Why Paul Krugman Lost His Temper with the Swedish Riksbank?
14 Pages Posted: 30 Apr 2014
Date Written: April 28, 2014
Abstract
Paul Krugman recently attacked the Swedish Riksbank for its monetary policy that it has caused a deflationary process because it raised its key interest rate in 2010 and 2011 and by this triggered unnecessarily a deflationary process afterwards. He used the term sadomonetarist for this kind of policy. This response on his accusation of the author of this paper is that Krugman has overdone his challenge of the monetary policy of the Riksbank. He has not looked sufficiently at the empirical facts of the past development in Sweden.

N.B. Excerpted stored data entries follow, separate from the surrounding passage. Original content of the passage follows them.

lemma mat_mult_scalar_left:
  assumes "finite S" "p \<in> S" "\<And>q. q \<in> S \<Longrightarrow> E p q = (if p = q then c else 0)"
  shows "mat_mult S E U p r = c * U p r"
proof -
  have "mat_mult S E U p r = (\<Sum>q\<in>S. if p = q then c * U p r else 0)"
    unfolding mat_mult_def by (rule sum.cong) (simp_all add: assms(3))
  then show ?thesis using assms(1,2) by simp
qed

text \<open>In matrix notation: \<open>M\<^sup>T J M = J\<close>, \<open>M M' = 1\<close> and \<open>J\<^sup>2 = -1\<close> give \<open>M J M\<^sup>T = J\<close>,
  because \<open>M\<^sup>T J = J M'\<close> and hence \<open>M J M\<^sup>T J = M J J M' = -1\<close>.\<close>
lemma symplectic_transpose:
  fixes M M' J :: "'a \<Rightarrow> 'a \<Rightarrow> 'b::comm_ring_1"
  assumes S: "finite S"
    and MJM: "\<And>p q. p \<in> S \<Longrightarrow> q \<in> S \<Longrightarrow> mat_mult S (mat_mult S (\<lambda>a b. M b a) J) M p q = J p q"
    and inverse: "\<And>p q. p \<in> S \<Longrightarrow> q \<in> S \<Longrightarrow> mat_mult S M M' p q = (if p = q then 1 else 0)"
    and JJ: "\<And>p q. p \<in> S \<Longrightarrow> q \<in> S \<Longrightarrow> mat_mult S J J p q = (if p = q then -1 else 0)"
    and x: "x \<in> S" and y: "y \<in> S"
  shows "mat_mult S (mat_mult S M J) (\<lambda>a b. M b a) x y = J x y"
proof -
  let ?Mt = "\<lambda>a b. M b a"
  let ?N = "mat_mult S (mat_mult S M J) ?Mt"
  have MtJ: "mat_mult S ?Mt J p r = mat_mult S J M' p r" if p: "p \<in> S" and r: "r \<in> S" for p r
  proof -
    have "mat_mult S ?Mt J p r = mat_mult S (mat_mult S ?Mt J) (mat_mult S M M') p r"
      using mat_mult_scalar_right[OF S r, of "mat_mult S M M'" 1] inverse r by simp
    also have "\<dots> = mat_mult S (mat_mult S (mat_mult S ?Mt J) M) M' p r"
      by (simp add: mat_mult_assoc[OF S])
    also have "\<dots> = mat_mult S J M' p r"
      by (rule mat_mult_cong) (use MJM p in auto)
    finally show ?thesis .
  qed
  have NJ: "mat_mult S ?N J p r = (if p = r then -1 else 0)" if p: "p \<in> S" and r: "r \<in> S" for p r
  proof -
    have "mat_mult S ?N J p r = mat_mult S (mat_mult S M J) (mat_mult S ?Mt J) p r"
      by (simp add: mat_mult_assoc[OF S])
    also have "\<dots> = mat_mult S (mat_mult S M J) (mat_mult S J M') p r"
      by (rule mat_mult_cong) (use MtJ r in auto)
    also have "\<dots> = mat_mult S M (mat_mult S (mat_mult S J J) M') p r"
      by (simp add: mat_mult_assoc[OF S])
    also have "\<dots> = mat_mult S M (\<lambda>a b. - M' a b) p r"
    proof (rule mat_mult_cong)
      fix a assume a: "a \<in> S"
      show "mat_mult S (mat_mult S J J) M' a r = - M' a r"
        using mat_mult_scalar_left[OF S a, of "mat_mult S J J" "-1" M' r] JJ[OF a] by simp
    qed simp
    also have "\<dots> = - mat_mult S M M' p r"
      by (simp add: mat_mult_def sum_negf)
    finally show ?thesis using inverse p r by simp
  qed
  have "- ?N x y = mat_mult S ?N (mat_mult S J J) x y"
    using mat_mult_scalar_right[OF S y, of "mat_mult S J J" "-1"] JJ y by simp
  also have "\<dots> = mat_mult S (mat_mult S ?N J) J x y"
    by (simp add: mat_mult_assoc[OF S])
  also have "\<dots> = - J x y"
    using mat_mult_scalar_left[OF S x, of "mat_mult S ?N J" "-1"] NJ x by simp
  finally show ?thesis by simp
qed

In particular at the real GDP growth and the inflation performance it was from the standard approach reasonable to increase interest rates in Sweden after a very strong rebound of Swedish growth in 2010 with 6,6% and further strong economic growth afterwards. Inflation predictions have never been a simple problem due to the multitude of channels through which monetary policy influences economic development. Therefore it is always easy afterwards to claim that policy makers should have done better. However, this is only true ex post by ignoring the uncertainty about the future. Furthermore Sweden has experienced a significant deceleration of its inflation rate, i.e. disinflation, but not deflation for a couple of years. This might, however, be caused by external factors like a global slowdown in economic growth and a recession in the Euro area in particular. If unforeseen by the Swedish Riksbank probably due to overoptimistic forecasts of the EU-Commission, this is caused by a forecasting error, but it is not caused by a monetary policy error. A deflationary spiral is even now not in sight in Sweden. The risk of a global deflation has its origins elsewhere in the global economy.